---
title: E-commerce Returns Decision Environment
colorFrom: blue
colorTo: green
sdk: docker
pinned: false
app_port: 8000
base_path: /web
tags:
  - openenv
  - operations
  - decision-making
---

# E-commerce Returns Decision Environment

This environment is a partially observable, policy-constrained decision process
for a single e-commerce return case per episode.

## Environment root and loader contract

This repository uses `ecom/` as the OpenEnv environment root.

- `ecom/openenv.yaml` is the authoritative manifest.
- `app: server.app:app` resolves inside `ecom/`, so it maps to
  `ecom/server/app.py`.
- Validate from repository root with `openenv validate ecom`, or from
  `ecom/` with `openenv validate .`.

## Formal task definition

Episode is defined over hidden state `s_t` and observation `o_t`.

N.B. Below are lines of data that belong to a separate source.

(* The function $g_1(y):=y\,\widehat\rho(y)(1-\widehat\omega(y))$ satisfies $g_1(\widehat\zeta(z))=\widehat\rho(\widehat\zeta(z))\,\big(\widehat\zeta(z)-z\widehat\zeta'(z)\big)$ for $z>0$, and $$\widehat v(y)\,g_1'(y)+g_1(y)>0\qquad\text{for all }y\in(0,y_* ).$$
   Context: LP profile: $(\widehat\rho,\widehat\omega)$ real-analytic, even, solving $\widehat\rho'=-\frac{2y\widehat\rho\widehat\omega(\widehat\rho-\widehat\omega)}{1-y^2\widehat\omega^2}$, $\widehat\omega'=\frac{1-3\widehat\omega}{y}+\frac{2y\widehat\omega^2(\widehat\rho-\widehat\omega)}{1-y^2\widehat\omega^2}$, $\widehat\omega(0)=\frac13$, $\widehat\rho(0)>\frac13$, $\widehat\omega\to1$, $y^2\widehat\rho\to\ell\in(0,\infty)$ at infinity, $\widehat\rho'<0<\widehat\omega'$ on $(0,\infty)$; $\widehat v:=y\widehat\omega$ has unique sonic point $y_*\in(2,3)$ with $\widehat v(y_* )=1$. $\widehat\zeta$: increasing solution of $z\widehat\zeta'=\widehat\zeta\,\widehat\omega(\widehat\zeta)$ with $z^{-1/3}\widehat\zeta(z)\to1$ as $z\to0$. *)

theory Defs
  imports "HOL-Analysis.Analysis"
begin

definition real_analytic_on :: "(real \<Rightarrow> real) \<Rightarrow> real set \<Rightarrow> bool" where
  "real_analytic_on f S \<longleftrightarrow>
     (\<forall>x\<in>S. \<exists>r>0. \<exists>c::nat \<Rightarrow> real. \<forall>y. \<bar>y - x\<bar> < r \<longrightarrow> (\<lambda>n. c n * (y - x) ^ n) sums f y)"

definition LP_profile :: "(real \<Rightarrow> real) \<Rightarrow> (real \<Rightarrow> real) \<Rightarrow> real \<Rightarrow> real \<Rightarrow> bool" where
  "LP_profile \<rho> \<omega> L ys \<longleftrightarrow>
     real_analytic_on \<rho> UNIV \<and> real_analytic_on \<omega> UNIV \<and>
     (\<forall>y. \<rho> (-y) = \<rho> y) \<and> (\<forall>y. \<omega> (-y) = \<omega> y) \<and>
     (\<forall>y>0. y\<^sup>2 * (\<omega> y)\<^sup>2 \<noteq> 1 \<longrightarrow>
        deriv \<rho> y = - (2 * y * \<rho> y * \<omega> y * (\<rho> y - \<omega> y)) / (1 - y\<^sup>2 * (\<omega> y)\<^sup>2) \<and>
        deriv \<omega> y = (1 - 3 * \<omega> y) / y + 2 * y * (\<omega> y)\<^sup>2 * (\<rho> y - \<omega> y) / (1 - y\<^sup>2 * (\<omega> y)\<^sup>2)) \<and>
     \<omega> 0 = 1/3 \<and> \<rho> 0 > 1/3 \<and>
     (\<omega> \<longlongrightarrow> 1) at_top \<and>
     0 < L \<and> ((\<lambda>y. y\<^sup>2 * \<rho> y) \<longlongrightarrow> L) at_top \<and>
     (\<forall>y>0. deriv \<rho> y < 0 \<and> 0 < deriv \<omega> y) \<and>
     2 < ys \<and> ys < 3 \<and> (\<forall>y>0. y * \<omega> y = 1 \<longleftrightarrow> y = ys)"

definition LP_zeta :: "(real \<Rightarrow> real) \<Rightarrow> (real \<Rightarrow> real) \<Rightarrow> bool" where
  "LP_zeta \<omega> \<zeta> \<longleftrightarrow>
     strict_mono_on {0<..} \<zeta> \<and>
     (\<forall>z>0. (\<zeta> has_real_derivative deriv \<zeta> z) (at z) \<and> z * deriv \<zeta> z = \<zeta> z * \<omega> (\<zeta> z)) \<and>
     ((\<lambda>z. z powr (-1/3) * \<zeta> z) \<longlongrightarrow> 1) (at_right 0)"

end

theory Submission
  imports Defs
begin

- Hidden state contains fraud intent, policy violations, latent risk, and
  optimal action target.
- Observation exposes only operational case fields and policy summary text.
- Agent takes one action from `A = {APPROVE, REJECT, ESCALATE, REQUEST_INFO}`.
- Terminal objective is maximizing normalized reward while satisfying policy gate
  constraints.

The environment is not a static classifier. It is a short-horizon sequential
decision loop with action-dependent transition and scoring.

## Schemas

### Action (`EcomAction`)

- `action_type`: `APPROVE | REJECT | ESCALATE | REQUEST_INFO`
- `reason_code` is required only when `action_type == REJECT`
- Allowed reject reasons:
  - `TIME_EXPIRED`
  - `POLICY_VIOLATION`
  - `SUSPECTED_FRAUD`

Validation is strict: non-REJECT actions cannot carry `reason_code`.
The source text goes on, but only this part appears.